New Delhi: State-owned Oil and Natural Gas Corporation (ONGC) A decline of 14 percent was recorded on Sunday Net Profit For the third quarter ending December 31, oil and gas prices fell. Standalone net profit of Rs 9,536 crore in October-December 2023 (third quarter of 2023-24 financial year) was 13.7 per cent lower than earnings of Rs 11,045 crore in the same period last financial year, the company said in a statement.

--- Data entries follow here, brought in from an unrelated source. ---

lemma cofinal_seq_omega_omega: "cofinal_seq (plus_omega oo) (Inr 0) (\<lambda>i. Inl (i, c))"
  unfolding cofinal_seq_def
proof (intro conjI allI impI)
  fix b assume "lt (plus_omega oo) b (Inr 0)"
  then obtain x y where "b = Inl (x, y)" by (cases b) auto
  then show "\<exists>i. (b, Inl (i, c)) \<in> plus_omega oo" by (intro exI[of _ "Suc x"]) simp
qed simp_all

lemma block_fns_id: "block_fns id (\<lambda>k \<eta>. \<eta> k)"
  unfolding block_fns_def by (auto simp: strict_mono_def)

lemma block_fns_xor_last:
  "block_fns (\<lambda>k. k * Suc T) (\<lambda>k \<eta>. F (\<lambda>t. t < T \<and> \<eta> (k * Suc T + t)) \<noteq> \<eta> (k * Suc T + T))"
  unfolding block_fns_def
proof (intro conjI allI impI)
  show "strict_mono (\<lambda>k. k * Suc T)" by (rule strict_mono_Suc_iff[THEN iffD2]) simp
  fix k
  let ?f = "\<lambda>\<eta>. F (\<lambda>t. t < T \<and> \<eta> (k * Suc T + t)) \<noteq> \<eta> (k * Suc T + T)"
  fix \<eta> \<eta>' :: "nat \<Rightarrow> bool"
  assume "\<forall>i. k * Suc T \<le> i \<and> i \<le> Suc k * Suc T - 1 \<longrightarrow> \<eta> i = \<eta>' i"
  then have agree: "\<eta> (k * Suc T + t) = \<eta>' (k * Suc T + t)" if "t \<le> T" for t
    using that by simp
  then have "(\<lambda>t. t < T \<and> \<eta> (k * Suc T + t)) = (\<lambda>t. t < T \<and> \<eta>' (k * Suc T + t))"
    by (auto simp: fun_eq_iff)
  then show "?f \<eta> = ?f \<eta>'" using agree[of T] by simp
next
  fix k
  define \<eta>0 :: "nat \<Rightarrow> bool" where "\<eta>0 = (\<lambda>_. False)"
  let ?f = "\<lambda>\<eta>. F (\<lambda>t. t < T \<and> \<eta> (k * Suc T + t)) \<noteq> \<eta> (k * Suc T + T)"
  have "?f \<eta>0 \<noteq> ?f (\<eta>0(k * Suc T + T := True))" unfolding \<eta>0_def by simp
  then show "\<exists>\<eta>. ?f \<eta>" "\<exists>\<eta>. \<not> ?f \<eta>" by blast+
qed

Earnings were lower as the price of crude produced and sold by the company fell 6.4 percent to US$81.59 a barrel in the quarter. Gas price was also down by 24.2 percent to US$6.5 per mmBtu.
Lower profits have also led to a decline in the production of crude oil, which is converted into fuels such as petrol and diesel in refineries, and natural gas which is used to generate electricity, produce fertiliser, convert to CNG and for cooking in kitchens. It is done through pipes.
Crude oil production fell 3.3 percent to 5.22 million tonnes, while gas output declined 4.3 percent to 5.12 billion cubic metres.
Gross revenue declined 10 percent to Rs 34,789 crore in the third quarter.
The company’s board approved a second interim dividend of 80 per cent or Rs 4 per share. “The total payment on this account will be Rs 5,032 crore,” the statement said.
This is in addition to the first interim dividend of Rs 5.75 per share declared in November last year.
ONGC’s standalone net profit fell 24 per cent to Rs 29,767 crore in the first nine months of the current financial year as oil prices fell from US $ 97.10 to US $ 75.55 per barrel. Gas prices also declined 5 percent to US$6.57 per million British thermal units.
Production for nine months was also less.
“The reduction in ONGC’s production output in the first nine months of FY 2023-24 is due to closure of Panna-Mukta offshore platforms to commission new crude oil pipeline to modernize its extraction facilities and cyclone Biparjoy (in June 2023).” Southern sector crude oil production was disrupted as a refinery stopped receiving oil after a leak in their pipeline, ONGC said.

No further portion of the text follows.